■ **Prompt**
From the line that contains "theory Defs" down to the last line of the data below, transcribe every line exactly.

(Data entries)
==========

(* Let $H=H_0+\lambda H_I$ be Hermitian on a finite-dimensional Hilbert space, and for $\beta>0$ let $\rho_\beta=e^{-\beta H}/Z$, $Z=\operatorname{Tr}e^{-\beta H}$, $\tilde\rho_\beta=\mathcal{P}\rho_\beta$, $\tilde H=\tilde H(\beta)=-\beta^{-1}\log\mathcal{P}e^{-\beta H}$ (so $\tilde\rho_\beta=e^{-\beta\tilde H}/Z$). Let $F=-\beta^{-1}\ln Z$, $S=\beta^2\partial_\beta F$, $U=\partial_\beta(\beta F)$, $\tilde S=-\operatorname{Tr}\tilde\rho_\beta\ln\tilde\rho_\beta$, $\tilde U=\operatorname{Tr}\tilde H\tilde\rho_\beta$. Then $S=-\operatorname{Tr}\rho_\beta\ln\rho_\beta$, $U=\operatorname{Tr}H\rho_\beta$, and $$S=\tilde S-\Delta S,\quad U=\tilde U-\Delta U,\qquad \Delta S=-\beta^2\operatorname{Tr}\big(\tilde\rho_\beta\,\partial_\beta\tilde H\big),\quad \Delta U=-\beta\operatorname{Tr}\big(\tilde\rho_\beta\,\partial_\beta\tilde H\big)=\beta^{-1}\Delta S.$$ Moreover $\Delta S\ge0$ and $\Delta U\ge0$.
   Context: $H_0=\sum_\varepsilon\varepsilon\Pi_\varepsilon$ is the spectral decomposition of $H_0$ and $\mathcal{P}X=\sum_\varepsilon\Pi_\varepsilon X\Pi_\varepsilon$ (the long-time average $\lim_{T\to\infty}\frac1T\int_0^Te^{iH_0t}Xe^{-iH_0t}dt$). *)

theory Defs
  imports "HOL-Analysis.Analysis"
begin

==========

■ **Solution below**
theory Defs
  imports "HOL-Analysis.Analysis"
begin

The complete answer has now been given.